• TASK BRIEF
Lines with "assumes": please show every one of them from the listing below.

• SUPPLIED DATA
lemma limit_radius_eq:
  assumes "0 < a"
  shows "sqrt (1 / sqrt ((1 / sqrt a) ^ 4 / (6 * a))) * (1 / sqrt a) = (6 * a) powr (1/4)"
proof (rule power_eq_imp_eq_base[of _ 4])
  have fourth: "sqrt x ^ 4 = x\<^sup>2" if "0 \<le> x" for x :: real
  proof -
    have "sqrt x ^ 4 = (sqrt x ^ 2) ^ 2" by (simp flip: power_mult)
    thus ?thesis using that by simp
  qed
  define X where "X = (1 / sqrt a) ^ 4 / (6 * a)"
  have "X = 1 / (6 * a ^ 3)" unfolding X_def using fourth[of a] assms
    by (simp add: power_divide power2_eq_square power3_eq_cube)
  hence "(sqrt (1 / sqrt X) * (1 / sqrt a)) ^ 4 = (6 * a ^ 3) * (1 / a\<^sup>2)"
    using fourth[of "1 / sqrt X"] fourth[of a] assms by (simp add: power_mult_distrib power_divide)
  also have "\<dots> = ((6 * a) powr (1/4)) ^ 4"
    using assms by (simp add: powr_realpow[symmetric] powr_powr power2_eq_square power3_eq_cube)
  finally show "(sqrt (1 / sqrt X) * (1 / sqrt a)) ^ 4 = ((6 * a) powr (1/4)) ^ 4" .
qed (use assms in auto)

theorem proposition5p4:
  fixes p :: real
  assumes "0 < p" and "p < 1"
  shows "(\<lambda>n. hausdorff_dist (Rnorm n (gammavec n p)) (Rinf p)) \<longlonglongrightarrow> 0"
proof -
  define a where "a = 1 - p"
  have "0 < a" using assms unfolding a_def by simp
  define s where "s n = sqrt (1 / sqrt (Area n (gammavec n p)))" for n
  define A where "A = (1 / sqrt a) ^ 4 / (6 * a)"
  have "s \<longlonglongrightarrow> sqrt (1 / sqrt A)"
    unfolding s_def A_def a_def using Area_gammavec_tendsto[OF assms] assms
    by (intro tendsto_intros) auto
  show ?thesis unfolding Rinf_eq_parabolic_region a_def[symmetric]
  proof (rule hausdorff_dist_parabolic_region_tendsto[OF \<open>0 < a\<close>])
    show "(\<lambda>n. s n * inner_radius n a) \<longlonglongrightarrow> (6 * a) powr (1/4)"
      "(\<lambda>n. s n * outer_radius n a) \<longlonglongrightarrow> (6 * a) powr (1/4)"
      unfolding limit_radius_eq[OF \<open>0 < a\<close>, symmetric] A_def[symmetric]
      by (intro tendsto_mult \<open>s \<longlonglongrightarrow> sqrt (1 / sqrt A)\<close> inner_radius_tendsto outer_radius_tendsto
          \<open>0 < a\<close>)+
    have "\<forall>\<^sub>F n in sequentially. 2 \<le> n \<and> 1 < real n * a"
      using \<open>0 < a\<close> by (intro eventually_conj eventually_ge_at_top eventually_less_real_mult)
    thus "\<forall>\<^sub>F n in sequentially. 0 \<le> s n * inner_radius n a
        \<and> parabolic_region a (s n * inner_radius n a) \<subseteq> Rnorm n (gammavec n p)
        \<and> Rnorm n (gammavec n p) \<subseteq> parabolic_region a (s n * outer_radius n a)"
      by eventually_elim (use Rnorm_gammavec_between_parabolic_regions[OF assms] in \<open>simp add: s_def a_def\<close>)
  qed simp
qed

end
lemma martingales_cond_exp_Xvec:
  assumes fam: "nonsing_lt_family N I W"
    and mart: "\<forall>i\<le>N. martingale M I X (\<lambda>t \<omega>. (W t *\<^sub>v Xvec N X t \<omega>) $ i)"
    and s: "s \<in> I" and t: "t \<in> I" and st: "s \<le> t" and i: "i \<le> N"
  shows "AE \<omega> in M. real_cond_exp M (past M I X s) (\<lambda>\<omega>. Xvec N X t \<omega> $ i) \<omega>
                   = (minv (W t) * W s *\<^sub>v Xvec N X s \<omega>) $ i"
proof -
  interpret past: sigma_finite_subalgebra M "past M I X s"
    by (rule sigma_finite_subalgebra_past)
  let ?E = "real_cond_exp M (past M I X s)"
  have W: "W u \<in> carrier_mat (N+1) (N+1)" "det (W u) \<noteq> 0" if "u \<in> I" for u
    using fam that unfolding nonsing_lt_family_def by auto
  have Wt_inv: "minv (W t) \<in> carrier_mat (N+1) (N+1)"
    by (rule minv_carrier_mat[OF W[OF t]])
  define Y where "Y j = (\<lambda>\<omega>. (W t *\<^sub>v Xvec N X t \<omega>) $ j)" for j
  have "Xvec N X t \<omega> = minv (W t) *\<^sub>v (W t *\<^sub>v Xvec N X t \<omega>)" for \<omega>
    using assoc_mult_mat_vec[OF Wt_inv W(1)[OF t] Xvec_carrier[of N X t \<omega>]]
      mult_minv_left[OF W[OF t]] Xvec_carrier[of N X t \<omega>] by simp
  moreover have "W t *\<^sub>v Xvec N X t \<omega> = vec (N+1) (\<lambda>j. Y j \<omega>)" for \<omega>
    using W[OF t] by (intro eq_vecI) (auto simp: Y_def)
  ultimately have Xt: "(\<lambda>\<omega>. Xvec N X t \<omega> $ i) = (\<lambda>\<omega>. (minv (W t) *\<^sub>v vec (N+1) (\<lambda>j. Y j \<omega>)) $ i)"
    by simp
  have "AE \<omega> in M. ?E (\<lambda>\<omega>. (minv (W t) *\<^sub>v vec (N+1) (\<lambda>j. Y j \<omega>)) $ i) \<omega>
                   = (minv (W t) *\<^sub>v vec (N+1) (\<lambda>j. ?E (Y j) \<omega>)) $ i"
    using mart t i by (intro past.real_cond_exp_mult_mat_vec[OF Wt_inv]) (auto simp: martingale_def Y_def)
  moreover have "AE \<omega> in M. \<forall>j\<in>{..<N+1}. ?E (Y j) \<omega> = (W s *\<^sub>v Xvec N X s \<omega>) $ j"
    using mart s t st by (intro eventually_ball_finite) (auto simp: martingale_def Y_def)
  ultimately show ?thesis
    unfolding Xt
  proof eventually_elim
    case (elim \<omega>)
    then have "vec (N+1) (\<lambda>j. ?E (Y j) \<omega>) = W s *\<^sub>v Xvec N X s \<omega>"
      using W[OF s] by (intro eq_vecI) auto
    with elim(1) show ?case
      by (simp add: assoc_mult_mat_vec[OF Wt_inv W(1)[OF s] Xvec_carrier])
  qed
qed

• TASK OUTPUT
  assumes "0 < a"
  assumes "0 < p" and "p < 1"
  assumes fam: "nonsing_lt_family N I W"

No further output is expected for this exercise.